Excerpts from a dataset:
================

lemma monoid_gen_nsm_sum:
  assumes "set gs \<subseteq> N" "distinct gs" "a \<in> monoid_gen f z (set gs)"
  shows "\<exists>c. a = nsm_sum gs c"
  using assms(3)
proof (induction rule: monoid_gen.induct)
  case gen_zero
  then show ?case using nsm_sum_zero[OF assms(1)] by metis
next
  case (gen_base g)
  then have "nsm_sum gs (\<lambda>x. if x = g then 1 else 0) = g"
    using assms nsm_sum_single by (auto simp: add_zero_right)
  then show ?case by metis
next
  case (gen_add a b)
  then show ?case using nsm_sum_add[OF assms(1)] by metis
qed

lemma nsm_sum_in_frob_ideal:
  assumes gs: "set gs \<subseteq> N" "distinct gs" "g \<in> set gs"
    and I: "I \<subseteq> N" "nsm f z k g \<in> I" and le: "q * k \<le> c g"
  shows "nsm_sum gs c \<in> frob_ideal N f z q I"
proof -
  define c' where "c' = c(g := c g - q * k)"
  have g: "g \<in> N" using gs by auto
  have "c = (\<lambda>x. c' x + (if x = g then q * k else 0))"
    using le by (auto simp: c'_def)
  then have "nsm_sum gs c = f (nsm_sum gs c') (nsm f z (q * k) g)"
    using nsm_sum_add[OF gs(1)] nsm_sum_single[OF gs] by metis
  also have "\<dots> = f (nsm f z q (nsm f z k g)) (nsm_sum gs c')"
    using g gs(1) by (metis add_commute nsm_closed nsm_mult nsm_sum_closed)
  finally show ?thesis
    unfolding frob_ideal_def using I(2) nsm_sum_closed[OF gs(1)] by blast
qed

lemma finite_diff_frob_ideal:
  assumes "binoid_fin_gen N f z" "semipositive N f z w" "primary_ideal N f z I"
  shows "finite (N - frob_ideal N f z q I)"
proof -
  obtain G where "finite G" "G \<subseteq> N" "N = monoid_gen f z G"
    using assms(1) unfolding binoid_fin_gen_def by blast
  then obtain gs where gs: "set gs \<subseteq> N" "distinct gs" "N = monoid_gen f z (set gs)"
    using finite_distinct_list by metis
  define U where "U = binoid_units N f z"
  have I: "I \<subseteq> N" using assms(3) unfolding primary_ideal_def binoid_ideal_def by blast
  have "\<exists>k. nsm f z k g \<in> I" if "g \<in> set gs" "g \<notin> U" for g
    using assms(3) that gs(1) unfolding primary_ideal_def binoid_plus_def U_def by blast
  then obtain k where k: "\<And>g. g \<in> set gs \<Longrightarrow> g \<notin> U \<Longrightarrow> nsm f z (k g) g \<in> I"
    by metis
  define K where "K = q * sum k (set gs) + 1"
  define CS where "CS = {c. \<forall>x. (x \<in> set gs \<longrightarrow> c x \<in> {..<K}) \<and> (x \<notin> set gs \<longrightarrow> c x = 0)}"
  have "N - frob_ideal N f z q I \<subseteq> (\<lambda>(u, c). f u (nsm_sum gs c)) ` (U \<times> CS)"
  proof
    fix a assume a: "a \<in> N - frob_ideal N f z q I"
    then obtain c where c: "a = nsm_sum gs c"
      using monoid_gen_nsm_sum gs by blast
    define cu where "cu x = (if x \<in> U then c x else 0)" for x
    define cn where "cn x = (if x \<in> set gs \<and> x \<notin> U then c x else 0)" for x
    have "a = f (nsm_sum gs cu) (nsm_sum gs (\<lambda>x. if x \<in> U then 0 else c x))"
      unfolding c nsm_sum_add[OF gs(1), symmetric] by (rule nsm_sum_cong) (simp add: cu_def)
    also have "nsm_sum gs (\<lambda>x. if x \<in> U then 0 else c x) = nsm_sum gs cn"
      by (rule nsm_sum_cong) (simp add: cn_def)
    finally have "a = f (nsm_sum gs cu) (nsm_sum gs cn)" .
    moreover have "nsm_sum gs cu \<in> U"
      unfolding U_def by (rule nsm_sum_unit) (auto simp: cu_def nsm_unit zero_unit U_def)
    moreover have "cn x < K" if "x \<in> set gs" for x
    proof (cases "x \<in> U")
      case False
      then have "\<not> q * k x \<le> c x"
        using nsm_sum_in_frob_ideal[OF gs(1,2) that I k[OF that False]] a c by blast
      then have "c x < q * k x" by simp
      also have "\<dots> \<le> q * sum k (set gs)" using that by (simp add: member_le_sum)
      finally show ?thesis using False that by (simp add: cn_def K_def)
    qed (simp add: cn_def K_def)
    then have "cn \<in> CS" unfolding CS_def by (auto simp: cn_def)
    ultimately show "a \<in> (\<lambda>(u, c). f u (nsm_sum gs c)) ` (U \<times> CS)"
      by (intro rev_image_eqI[of "(nsm_sum gs cu, cn)"]) auto
  qed
  moreover have "finite CS"
    unfolding CS_def by (rule finite_set_of_finite_funs) auto
  moreover have "finite U" using assms(2) unfolding semipositive_def U_def by simp
  ultimately show ?thesis by (blast intro: finite_subset finite_cartesian_product)
qed

lemma ideal_nset_frob_ideal:
  assumes "I \<subseteq> N"
  shows "ideal_nset (frob_ideal N f z q I) N f = frob_ideal N f z q I"
proof
  show "ideal_nset (frob_ideal N f z q I) N f \<subseteq> frob_ideal N f z q I"
    unfolding ideal_nset_def frob_ideal_def using assms
    by (force simp: add_assoc nsm_closed add_closed)
  show "frob_ideal N f z q I \<subseteq> ideal_nset (frob_ideal N f z q I) N f"
  proof
    fix a assume a: "a \<in> frob_ideal N f z q I"
    then have "a = f a z"
      unfolding frob_ideal_def using assms by (auto simp: add_zero_right nsm_closed add_closed)
    with a show "a \<in> ideal_nset (frob_ideal N f z q I) N f"
      unfolding ideal_nset_def using zero_closed by blast
  qed
qed

lemma card_diff_frob_ideal_le_HKF:
  assumes "I \<subseteq> N" "finite (N - frob_ideal N f z q I)"
  shows "card (N - frob_ideal N f z q I) \<le> HKF N f z I N w f q + 1"
proof -
  have "card (N - frob_ideal N f z q I) \<le> card ((N - frob_ideal N f z q I) \<union> {w})"
    using assms(2) by (intro card_mono) auto
  then show ?thesis
    unfolding HKF_def ideal_nset_frob_ideal[OF assms(1)] by linarith
qed

end

lemma card_diff_ideal_nset_le:
  assumes "finite G" "G \<subseteq> T" "T = (\<Union>g\<in>G. {act n g | n. n \<in> N})" "finite (N - J)"
  shows "card (T - ideal_nset J T act) \<le> card (N - J) * card G"
proof -
  have "T - ideal_nset J T act \<subseteq> (\<lambda>(n, g). act n g) ` ((N - J) \<times> G)"
  proof
    fix t assume t: "t \<in> T - ideal_nset J T act"
    then obtain n g where "g \<in> G" "n \<in> N" "t = act n g" using assms(3) by blast
    moreover have "n \<notin> J"
      using t \<open>g \<in> G\<close> \<open>t = act n g\<close> assms(2) unfolding ideal_nset_def by blast
    ultimately show "t \<in> (\<lambda>(n, g). act n g) ` ((N - J) \<times> G)" by force
  qed
  then have "card (T - ideal_nset J T act) \<le> card ((\<lambda>(n, g). act n g) ` ((N - J) \<times> G))"
    using assms(1,4) by (intro card_mono) auto
  also have "\<dots> \<le> card ((N - J) \<times> G)"
    using assms(1,4) by (intro card_image_le) auto
  finally show ?thesis by (simp add: card_cartesian_product)
qed

lemma HKF_le_card_diff: "HKF N f z I T p act q \<le> card (T - ideal_nset (frob_ideal N f z q I) T act)"
  unfolding HKF_def using card_Un_le[of _ "{p}"] by (simp add: le_diff_conv)

theorem mainTheorem12:
  fixes N :: "'a set" and f :: "'a \<Rightarrow> 'a \<Rightarrow> 'a" and z w :: 'a
    and I :: "'a set" and T :: "'s set" and p :: 's and act :: "'a \<Rightarrow> 's \<Rightarrow> 's"
    and C :: real
  assumes "binoid N f z w" and "binoid_fin_gen N f z" and "semipositive N f z w"
    and "primary_ideal N f z I"
    and "nset N f z w T p act" and "nset_fin_gen N T act"
    and "\<forall>q::nat. q \<ge> 1 \<longrightarrow>
           real (HKF N f z I N w f q) \<le> C * real q ^ binoid_dim N f"
  shows "\<exists>\<alpha>::real. \<forall>q::nat. q \<ge> 1 \<longrightarrow>
           real (HKF N f z I T p act q) \<le> \<alpha> * real q ^ binoid_dim N f"
proof -
  interpret comm_binoid N f z w by (rule comm_binoid.intro) fact
  obtain G where G: "finite G" "G \<subseteq> T" "T = (\<Union>g\<in>G. {act n g | n. n \<in> N})"
    using assms(6) unfolding nset_fin_gen_def by blast
  have I: "I \<subseteq> N" using assms(4) unfolding primary_ideal_def binoid_ideal_def by blast
  have "real (HKF N f z I T p act q) \<le> (card G * (C + 1)) * real q ^ binoid_dim N f"
    if q: "q \<ge> 1" for q
  proof -
    note X_finite = finite_diff_frob_ideal[OF assms(2-4), of q]
    have "HKF N f z I T p act q \<le> card (N - frob_ideal N f z q I) * card G"
      using HKF_le_card_diff card_diff_ideal_nset_le[OF G X_finite] by (rule le_trans)
    also have "\<dots> \<le> (HKF N f z I N w f q + 1) * card G"
      using card_diff_frob_ideal_le_HKF[OF I X_finite] by (rule mult_le_mono1)
    finally have "HKF N f z I T p act q \<le> (HKF N f z I N w f q + 1) * card G" .
    then have "real (HKF N f z I T p act q) \<le> real ((HKF N f z I N w f q + 1) * card G)"
      by (simp only: of_nat_le_iff)
    also have "\<dots> = (real (HKF N f z I N w f q) + 1) * card G" by (simp add: distrib_right)
    also have "\<dots> \<le> (C * real q ^ binoid_dim N f + real q ^ binoid_dim N f) * card G"
    proof (intro mult_right_mono add_mono)
      show "real (HKF N f z I N w f q) \<le> C * real q ^ binoid_dim N f"
        using assms(7) q by blast
      show "1 \<le> real q ^ binoid_dim N f" using q by simp
    qed simp
    also have "\<dots> = (card G * (C + 1)) * real q ^ binoid_dim N f"
      by (simp add: algebra_simps)
    finally show ?thesis .
  qed
  then show ?thesis by blast
qed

================

> [EXERCISE OBJECTIVE] Reproduce the entries exactly, starting at their first line and stopping after the line with "case (gen_base g)".

> [ANSWER BELOW]
lemma monoid_gen_nsm_sum:
  assumes "set gs \<subseteq> N" "distinct gs" "a \<in> monoid_gen f z (set gs)"
  shows "\<exists>c. a = nsm_sum gs c"
  using assms(3)
proof (induction rule: monoid_gen.induct)
  case gen_zero
  then show ?case using nsm_sum_zero[OF assms(1)] by metis
next
  case (gen_base g)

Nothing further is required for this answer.